[Problem description] From the records below, output exactly the lines running from the line containing "kron Oinv Kx" through the line containing "section \<open>Measurability of", and no others.

Top of Material to process

(* Let $I=(0,1)$ and let $\Omega\subset\mathbb R^d$ be a bounded Lipschitz domain. Let $\mathbf D=\mathbf D^\top\in\mathbb R^{d\times d}$ be positive definite and $c\ge 0$, and set $a(\eta,\zeta):=\int_\Omega \mathbf D\nabla\eta\cdot\nabla\zeta+c\,\eta\zeta\,\mathrm d\vec x$ for $\eta,\zeta\in H^1_0(\Omega)$. Fix $p_t,p_{\vec x}\in\mathbb N$, a partition $\mathcal T_I$ of $I$ into subintervals and a conforming triangulation $\mathcal T_\Omega$ of $\Omega$. Let $X_t:=H^1(I)\cap\mathbb P^{-1}_{p_t}(\mathcal T_I)$ with Lagrange basis $\Phi_t=(\varphi_1,\dots,\varphi_{N_t})$, $X_{\vec x}:=H^1_0(\Omega)\cap\mathbb P^{-1}_{p_{\vec x}}(\mathcal T_\Omega)$ with Lagrange basis $\Phi_{\vec x}=(\psi_1,\dots,\psi_{N_{\vec x}})$, and $Y_t:=\mathbb P^{-1}_{p_t}(\mathcal T_I)$ with an $L_2(I)$-orthogonal basis $\Xi=(\xi_1,\dots,\xi_{M_t})$. Put $X^\delta:=X_t\otimes X_{\vec x}$, $Y^\delta:=Y_t\otimes X_{\vec x}$, and for $w\in X^\delta$, $v\in Y^\delta$ let $(Bw)(v):=\int_I \langle \partial_t w(t),v(t)\rangle_{L_2(\Omega)}+a(w(t),v(t))\,\mathrm dt$. Let $\mathbf O_{ij}:=\int_I\xi_j\xi_i$, let $\mathbf K_{\vec x}\in\mathbb R^{N_{\vec x}\times N_{\vec x}}$ be symmetric positive definite, $\mathbf K_Y:=\mathbf O^{-1}\otimes\mathbf K_{\vec x}$, and define $K_Y^\delta:(Y^\delta)'\to Y^\delta$ by $K_Y^\delta\ell:=\sum_{(j,l),(j',l')}(\mathbf K_Y)_{(j,l),(j',l')}\,\ell(\xi_{j'}\otimes\psi_{l'})\,\xi_j\otimes\psi_l$. For $u,w\in X^\delta$ let $(S^\delta u)(w):=(Bw)\big(K_Y^\delta((Bu)|_{Y^\delta})\big)+\langle u(0),w(0)\rangle_{L_2(\Omega)}$, and let $\mathbf S_{(i,k),(i',k')}:=(S^\delta(\varphi_{i'}\otimes\psi_{k'}))(\varphi_i\otimes\psi_k)$. Define $(\mathbf L)_{ij}:=\int_I\varphi_j'\varphi_i$, $(\mathbf M_t)_{ij}:=\int_I\varphi_j\varphi_i$, $(\mathbf A_t)_{ij}:=\int_I\varphi_j'\varphi_i'$, $(\mathbf\Gamma_0)_{ij}:=\varphi_i(0)\varphi_j(0)$, $(\mathbf M_{\vec x})_{kl}:=\int_\Omega\psi_l\psi_k$ and $(\mathbf A_{\vec x})_{kl}:=\int_\Omega\mathbf D\nabla\psi_l\cdot\nabla\psi_k+c\,\psi_l\psi_k$. Then \[ \mathbf S=\mathbf A_t\otimes(\mathbf M_{\vec x}\mathbf K_{\vec x}\mathbf M_{\vec x})+\mathbf M_t\otimes(\mathbf A_{\vec x}\mathbf K_{\vec x}\mathbf A_{\vec x})+\mathbf L^\top\otimes(\mathbf M_{\vec x}\mathbf K_{\vec x}\mathbf A_{\vec x})+\mathbf L\otimes(\mathbf A_{\vec x}\mathbf K_{\vec x}\mathbf M_{\vec x})+\mathbf\Gamma_0\otimes\mathbf M_{\vec x}. \] In particular, $\mathbf S$ does not depend on the choice of $Y_t$ (among spaces containing $X_t$ and $\tfrac{\mathrm d}{\mathrm dt}X_t$) nor on the choice of its orthogonal basis $\Xi$.
   Context: $\mathbb P^{-1}_p(\mathcal T)$ denotes the space of (possibly discontinuous) piecewise polynomials of degree at most $p$ on the partition $\mathcal T$; note $X_t\subset Y_t$ and $\tfrac{\mathrm d}{\mathrm dt}X_t\subset Y_t$. Kronecker products use index pairs with the time index outer: $(\mathbf P\otimes\mathbf Q)_{(i,k),(j,l)}=\mathbf P_{ij}\mathbf Q_{kl}$. *)

theory Defs
  imports "HOL-Analysis.Analysis" "HOL-Computational_Algebra.Polynomial"
begin

definition interval_partition :: "real list \<Rightarrow> bool" where
  "interval_partition ts \<longleftrightarrow> length ts \<ge> 2 \<and> sorted_wrt (<) ts \<and> hd ts = 0 \<and> last ts = 1"

definition pw_poly_1d :: "nat \<Rightarrow> real list \<Rightarrow> (real \<Rightarrow> real) \<Rightarrow> bool" where
  "pw_poly_1d p ts f \<longleftrightarrow>
     (\<forall>m < length ts - 1. \<exists>q :: real poly. degree q \<le> p \<and>
        (\<forall>t \<in> {ts!m <..< ts!(Suc m)}. f t = poly q t))"

definition Yt_space :: "nat \<Rightarrow> real list \<Rightarrow> (real \<Rightarrow> real) set" where
  "Yt_space p ts = {f. pw_poly_1d p ts f}"

text \<open>X_t = H^1(I) \<inter> P^{-1}_p(T_I), i.e. piecewise polynomials whose representative is
  continuous on the closed interval [0,1] (the continuous representative is used so that
  point values, e.g. at t=0, are meaningful).\<close>
definition Xt_space :: "nat \<Rightarrow> real list \<Rightarrow> (real \<Rightarrow> real) set" where
  "Xt_space p ts = {f. pw_poly_1d p ts f \<and> continuous_on {0..1} f}"

definition l2I :: "(real \<Rightarrow> real) \<Rightarrow> (real \<Rightarrow> real) \<Rightarrow> real" where
  "l2I f g = (LINT t:{0<..<1}|lborel. f t * g t)"

definition L2I :: "(real \<Rightarrow> real) set" where
  "L2I = {f. set_borel_measurable lborel {0<..<1} f \<and> set_integrable lborel {0<..<1} (\<lambda>t. (f t)\<^sup>2)}"

definition L2I_orthogonal_basis :: "(real \<Rightarrow> real) set \<Rightarrow> nat \<Rightarrow> (nat \<Rightarrow> real \<Rightarrow> real) \<Rightarrow> bool" where
  "L2I_orthogonal_basis Y M \<xi> \<longleftrightarrow>
     (\<forall>j<M. \<xi> j \<in> Y) \<and>
     (\<forall>j<M. l2I (\<xi> j) (\<xi> j) \<noteq> 0) \<and>
     (\<forall>j<M. \<forall>j'<M. j \<noteq> j' \<longrightarrow> l2I (\<xi> j) (\<xi> j') = 0) \<and>
     (\<forall>f\<in>Y. \<exists>a. AE t in lborel. t \<in> {0<..<1} \<longrightarrow> f t = (\<Sum>j<M. a j * \<xi> j t))"

definition lagrange_basis :: "'a set \<Rightarrow> ('a \<Rightarrow> real) set \<Rightarrow> nat \<Rightarrow> (nat \<Rightarrow> 'a \<Rightarrow> real) \<Rightarrow> bool" where
  "lagrange_basis S X N \<phi> \<longleftrightarrow>
     (\<forall>i<N. \<phi> i \<in> X) \<and>
     (\<exists>\<tau>. (\<forall>j<N. \<tau> j \<in> S) \<and> (\<forall>i<N. \<forall>j<N. \<phi> i (\<tau> j) = (if i = j then 1 else 0))) \<and>
     (\<forall>f\<in>X. \<exists>a. \<forall>x\<in>S. f x = (\<Sum>i<N. a i * \<phi> i x))"

definition lipschitz_domain :: "(real^'n) set \<Rightarrow> bool" where
  "lipschitz_domain \<Omega> \<longleftrightarrow> open \<Omega> \<and> connected \<Omega> \<and> \<Omega> \<noteq> {} \<and>
     (\<forall>x\<in>frontier \<Omega>. \<exists>r>0. \<exists>e (g :: real^'n \<Rightarrow> real) L.
        norm e = 1 \<and> L-lipschitz_on UNIV g \<and> (\<forall>y s. g (y + s *\<^sub>R e) = g y) \<and>
        \<Omega> \<inter> ball x r = {y \<in> ball x r. y \<bullet> e < g y})"

definition conforming_triangulation :: "(real^'n) set \<Rightarrow> (real^'n) set set \<Rightarrow> bool" where
  "conforming_triangulation \<Omega> T \<longleftrightarrow> finite T \<and>
     (\<forall>K\<in>T. int CARD('n) simplex K) \<and> \<Union>T = closure \<Omega> \<and>
     (\<forall>K\<in>T. \<forall>K'\<in>T. (K \<inter> K') face_of K \<and> (K \<inter> K') face_of K')"

definition mpoly_fun :: "nat \<Rightarrow> (real^'n \<Rightarrow> real) \<Rightarrow> bool" where
  "mpoly_fun p q \<longleftrightarrow> (\<exists>a :: ('n \<Rightarrow> nat) \<Rightarrow> real. \<forall>x.
     q x = (\<Sum>\<alpha>\<in>{\<alpha>. sum \<alpha> UNIV \<le> p}. a \<alpha> * (\<Prod>i\<in>UNIV. (x $ i) ^ \<alpha> i)))"

definition pw_poly_T :: "nat \<Rightarrow> (real^'n) set set \<Rightarrow> (real^'n \<Rightarrow> real) \<Rightarrow> bool" where
  "pw_poly_T p T f \<longleftrightarrow> (\<forall>K\<in>T. \<exists>q. mpoly_fun p q \<and> (\<forall>x\<in>interior K. f x = q x))"

text \<open>X_x = H^1_0(\<Omega>) \<inter> P^{-1}_p(T_\<Omega>): for a conforming triangulation these are exactly the
  piecewise polynomials that are continuous on the closure of \<Omega> and vanish on its boundary
  (continuous representative).\<close>
definition Xx_space :: "(real^'n) set \<Rightarrow> (real^'n) set set \<Rightarrow> nat \<Rightarrow> (real^'n \<Rightarrow> real) set" where
  "Xx_space \<Omega> T p = {f. pw_poly_T p T f \<and> continuous_on (closure \<Omega>) f \<and> (\<forall>x\<in>frontier \<Omega>. f x = 0)}"

text \<open>Gradient (vector of partial derivatives; for the functions at hand it coincides
  a.e. with the weak gradient).\<close>
definition grad :: "(real^'n \<Rightarrow> real) \<Rightarrow> real^'n \<Rightarrow> real^'n" where
  "grad f x = (\<chi> i. deriv (\<lambda>s. f (x + s *\<^sub>R axis i 1)) 0)"

definition l2O :: "(real^'n) set \<Rightarrow> (real^'n \<Rightarrow> real) \<Rightarrow> (real^'n \<Rightarrow> real) \<Rightarrow> real" where
  "l2O \<Omega> f g = (LINT x:\<Omega>|lborel. f x * g x)"

definition aform :: "(real^'n) set \<Rightarrow> real^'n^'n \<Rightarrow> real \<Rightarrow> (real^'n \<Rightarrow> real) \<Rightarrow> (real^'n \<Rightarrow> real) \<Rightarrow> real" where
  "aform \<Omega> D c \<eta> \<zeta> = (LINT x:\<Omega>|lborel. (D *v grad \<eta> x) \<bullet> grad \<zeta> x + c * \<eta> x * \<zeta> x)"

definition tens :: "(real \<Rightarrow> real) \<Rightarrow> (real^'n \<Rightarrow> real) \<Rightarrow> real \<Rightarrow> real^'n \<Rightarrow> real" where
  "tens f g = (\<lambda>t x. f t * g x)"

definition Bform :: "(real^'n) set \<Rightarrow> real^'n^'n \<Rightarrow> real \<Rightarrow>
    (real \<Rightarrow> real^'n \<Rightarrow> real) \<Rightarrow> (real \<Rightarrow> real^'n \<Rightarrow> real) \<Rightarrow> real" where
  "Bform \<Omega> D c w v = (LINT t:{0<..<1}|lborel.
      l2O \<Omega> (\<lambda>x. deriv (\<lambda>s. w s x) t) (v t) + aform \<Omega> D c (w t) (v t))"

text \<open>Kronecker product with index pairs, time index outer.\<close>
definition kron :: "(nat \<Rightarrow> nat \<Rightarrow> real) \<Rightarrow> (nat \<Rightarrow> nat \<Rightarrow> real) \<Rightarrow> nat \<times> nat \<Rightarrow> nat \<times> nat \<Rightarrow> real" where
  "kron P Q = (\<lambda>(i, k) (j, l). P i j * Q k l)"

definition mmul :: "nat \<Rightarrow> (nat \<Rightarrow> nat \<Rightarrow> real) \<Rightarrow> (nat \<Rightarrow> nat \<Rightarrow> real) \<Rightarrow> nat \<Rightarrow> nat \<Rightarrow> real" where
  "mmul n A B = (\<lambda>i j. \<Sum>m<n. A i m * B m j)"

definition mtrans :: "(nat \<Rightarrow> nat \<Rightarrow> real) \<Rightarrow> nat \<Rightarrow> nat \<Rightarrow> real" where
  "mtrans A = (\<lambda>i j. A j i)"

definition KYdelta :: "nat \<Rightarrow> nat \<Rightarrow> (nat \<Rightarrow> nat \<Rightarrow> real) \<Rightarrow> (nat \<Rightarrow> nat \<Rightarrow> real) \<Rightarrow>
    (nat \<Rightarrow> real \<Rightarrow> real) \<Rightarrow> (nat \<Rightarrow> real^'n \<Rightarrow> real) \<Rightarrow>
    ((real \<Rightarrow> real^'n \<Rightarrow> real) \<Rightarrow> real) \<Rightarrow> real \<Rightarrow> real^'n \<Rightarrow> real" where
  "KYdelta M Nx Oinv Kx \<xi> \<psi> ell = (\<lambda>t x.
     \<Sum>j<M. \<Sum>l<Nx. \<Sum>j'<M. \<Sum>l'<Nx.
        kron Oinv Kx (j, l) (j', l') * ell (tens (\<xi> j') (\<psi> l')) * tens (\<xi> j) (\<psi> l) t x)"

definition Sdelta :: "(real^'n) set \<Rightarrow> real^'n^'n \<Rightarrow> real \<Rightarrow> nat \<Rightarrow> nat \<Rightarrow>
    (nat \<Rightarrow> nat \<Rightarrow> real) \<Rightarrow> (nat \<Rightarrow> nat \<Rightarrow> real) \<Rightarrow>
    (nat \<Rightarrow> real \<Rightarrow> real) \<Rightarrow> (nat \<Rightarrow> real^'n \<Rightarrow> real) \<Rightarrow>
    (real \<Rightarrow> real^'n \<Rightarrow> real) \<Rightarrow> (real \<Rightarrow> real^'n \<Rightarrow> real) \<Rightarrow> real" where
  "Sdelta \<Omega> D c M Nx Oinv Kx \<xi> \<psi> u w =
     Bform \<Omega> D c w (KYdelta M Nx Oinv Kx \<xi> \<psi> (\<lambda>v. Bform \<Omega> D c u v)) + l2O \<Omega> (u 0) (w 0)"

end

theory Submission
  imports Defs
begin

text \<open>Tested with tensor products, the integrand of \<open>B\<close> separates:
  \<open>B(\<phi>\<^sub>i \<otimes> \<psi>\<^sub>k)(\<xi>\<^sub>j \<otimes> \<psi>\<^sub>l) = (\<phi>\<^sub>i', \<xi>\<^sub>j) M\<^sub>k\<^sub>l + (\<phi>\<^sub>i, \<xi>\<^sub>j) A\<^sub>k\<^sub>l\<close> with \<open>L\<^sub>2(I)\<close> products
  in time and mass/stiffness entries in space. Inserting this into \<open>K\<^sub>Y = O\<^sup>-\<^sup>1 \<otimes> K\<^sub>x\<close>
  splits each entry of \<open>S\<close> into four products of a time factor
  \<open>(f, \<xi>)\<^sup>T O\<^sup>-\<^sup>1 (g, \<xi>)\<close> and a space factor such as \<open>M K\<^sub>x A\<close>. Since
  \<open>f, g \<in> {\<phi>\<^sub>i, \<phi>\<^sub>i'}\<close> lie in \<open>Y\<^sub>t = span \<Xi>\<close>, Parseval's identity for the orthogonal
  basis \<open>\<Xi>\<close> collapses every time factor to \<open>(f, g)\<close>, which gives \<open>A\<^sub>t\<close>, \<open>M\<^sub>t\<close>, \<open>L\<close>
  and \<open>L\<^sup>T\<close> whatever \<open>Y\<^sub>t\<close> and \<open>\<Xi>\<close> are. The rest is analysis bookkeeping: all functions
  are piecewise polynomial, so the integrands are bounded and (via difference quotients along
  rational increments) Borel measurable, and the forms are bilinear on the discrete spaces.\<close>

section \<open>Measurability of directional derivatives\<close>

text \<open>Cauchy criterion for the difference quotient at 0 over rational increments only: these are
  countably many, so the condition is Borel in a parameter of \<open>g\<close>.\<close>
definition rat_diff_quot_Cauchy :: "(real \<Rightarrow> bool) \<Rightarrow> (real \<Rightarrow> real) \<Rightarrow> bool" where
  "rat_diff_quot_Cauchy P g \<longleftrightarrow> (\<forall>n. \<exists>m. \<forall>q q' :: rat.
     real_of_rat q \<noteq> 0 \<and> \<bar>real_of_rat q\<bar> < inverse (real (Suc m)) \<and> P (real_of_rat q) \<and>
     real_of_rat q' \<noteq> 0 \<and> \<bar>real_of_rat q'\<bar> < inverse (real (Suc m)) \<and> P (real_of_rat q') \<longrightarrow>
     \<bar>(g (real_of_rat q) - g 0) / real_of_rat q - (g (real_of_rat q') - g 0) / real_of_rat q'\<bar> \<le> inverse (real (Suc n)))"
(* A measure Q in P^alpha is determined by the family (Q(B))_B of its values on
   Borel sets, each lying in [0, P(B)/alpha].  So P^alpha is the image of the set
   K of finitely additive, normalised set functions mu with 0 <= mu(B) <= P(B)/alpha,
   viewed inside the product space of reals indexed by Borel sets:
   (1) K is compact (Tychonoff: closed subset of a product of compact intervals);
   (2) the domination mu <= P/alpha forces countable additivity, so every mu in K
       extends to a probability measure, and P^alpha is exactly the image of K;
   (3) this extension map is continuous into the weak topology: for bounded
       continuous f, the integral of f is a uniform limit on K of finite linear
       combinations of coordinates mu(B), namely integrals of the step functions
       floor(m f)/m.
   Compactness is preserved by continuous images, which proves the theorem.  None of the steps uses the
   bounds 0 < alpha <= 1; they only make the trimming the intended object. *)

lemma continuous_map_uniform_limit_real:
  fixes g :: "'b \<Rightarrow> real"
  assumes "\<And>n. continuous_map X euclidean (h n)"
    and "\<And>n x. x \<in> topspace X \<Longrightarrow> \<bar>h n x - g x\<bar> \<le> 1 / Suc n"
  shows "continuous_map X euclidean g"
proof -
  have "continuous_map X Met_TC.mtopology g"
  proof (rule Met_TC.continuous_map_uniform_limit[where F=sequentially and f=h])
    show "\<forall>\<^sub>F n in sequentially. continuous_map X Met_TC.mtopology (h n)"
      using assms(1) by simp
    fix e :: real assume "0 < e"
    then obtain N where N: "1 / Suc N < e" using nat_approx_posE by blast
    show "\<forall>\<^sub>F n in sequentially. \<forall>x\<in>topspace X. g x \<in> UNIV \<and> dist (h n x) (g x) < e"
      unfolding eventually_sequentially
    proof (intro exI[of _ N] allI impI ballI conjI)
      fix n x assume "N \<le> n" "x \<in> topspace X"
      have "1 / Suc n \<le> 1 / Suc N" by (simp add: frac_le \<open>N \<le> n\<close>)
      then show "dist (h n x) (g x) < e"
        using assms(2)[OF \<open>x \<in> topspace X\<close>, of n] N by (simp add: dist_real_def)
    qed simp
  qed simp
  then show ?thesis by simp
qed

Bottom of Material to process

[Output for this exercise]
        kron Oinv Kx (j, l) (j', l') * ell (tens (\<xi> j') (\<psi> l')) * tens (\<xi> j) (\<psi> l) t x)"

definition Sdelta :: "(real^'n) set \<Rightarrow> real^'n^'n \<Rightarrow> real \<Rightarrow> nat \<Rightarrow> nat \<Rightarrow>
    (nat \<Rightarrow> nat \<Rightarrow> real) \<Rightarrow> (nat \<Rightarrow> nat \<Rightarrow> real) \<Rightarrow>
    (nat \<Rightarrow> real \<Rightarrow> real) \<Rightarrow> (nat \<Rightarrow> real^'n \<Rightarrow> real) \<Rightarrow>
    (real \<Rightarrow> real^'n \<Rightarrow> real) \<Rightarrow> (real \<Rightarrow> real^'n \<Rightarrow> real) \<Rightarrow> real" where
  "Sdelta \<Omega> D c M Nx Oinv Kx \<xi> \<psi> u w =
     Bform \<Omega> D c w (KYdelta M Nx Oinv Kx \<xi> \<psi> (\<lambda>v. Bform \<Omega> D c u v)) + l2O \<Omega> (u 0) (w 0)"

end

theory Submission
  imports Defs
begin

text \<open>Tested with tensor products, the integrand of \<open>B\<close> separates:
  \<open>B(\<phi>\<^sub>i \<otimes> \<psi>\<^sub>k)(\<xi>\<^sub>j \<otimes> \<psi>\<^sub>l) = (\<phi>\<^sub>i', \<xi>\<^sub>j) M\<^sub>k\<^sub>l + (\<phi>\<^sub>i, \<xi>\<^sub>j) A\<^sub>k\<^sub>l\<close> with \<open>L\<^sub>2(I)\<close> products
  in time and mass/stiffness entries in space. Inserting this into \<open>K\<^sub>Y = O\<^sup>-\<^sup>1 \<otimes> K\<^sub>x\<close>
  splits each entry of \<open>S\<close> into four products of a time factor
  \<open>(f, \<xi>)\<^sup>T O\<^sup>-\<^sup>1 (g, \<xi>)\<close> and a space factor such as \<open>M K\<^sub>x A\<close>. Since
  \<open>f, g \<in> {\<phi>\<^sub>i, \<phi>\<^sub>i'}\<close> lie in \<open>Y\<^sub>t = span \<Xi>\<close>, Parseval's identity for the orthogonal
  basis \<open>\<Xi>\<close> collapses every time factor to \<open>(f, g)\<close>, which gives \<open>A\<^sub>t\<close>, \<open>M\<^sub>t\<close>, \<open>L\<close>
  and \<open>L\<^sup>T\<close> whatever \<open>Y\<^sub>t\<close> and \<open>\<Xi>\<close> are. The rest is analysis bookkeeping: all functions
  are piecewise polynomial, so the integrands are bounded and (via difference quotients along
  rational increments) Borel measurable, and the forms are bilinear on the discrete spaces.\<close>

section \<open>Measurability of directional derivatives\<close>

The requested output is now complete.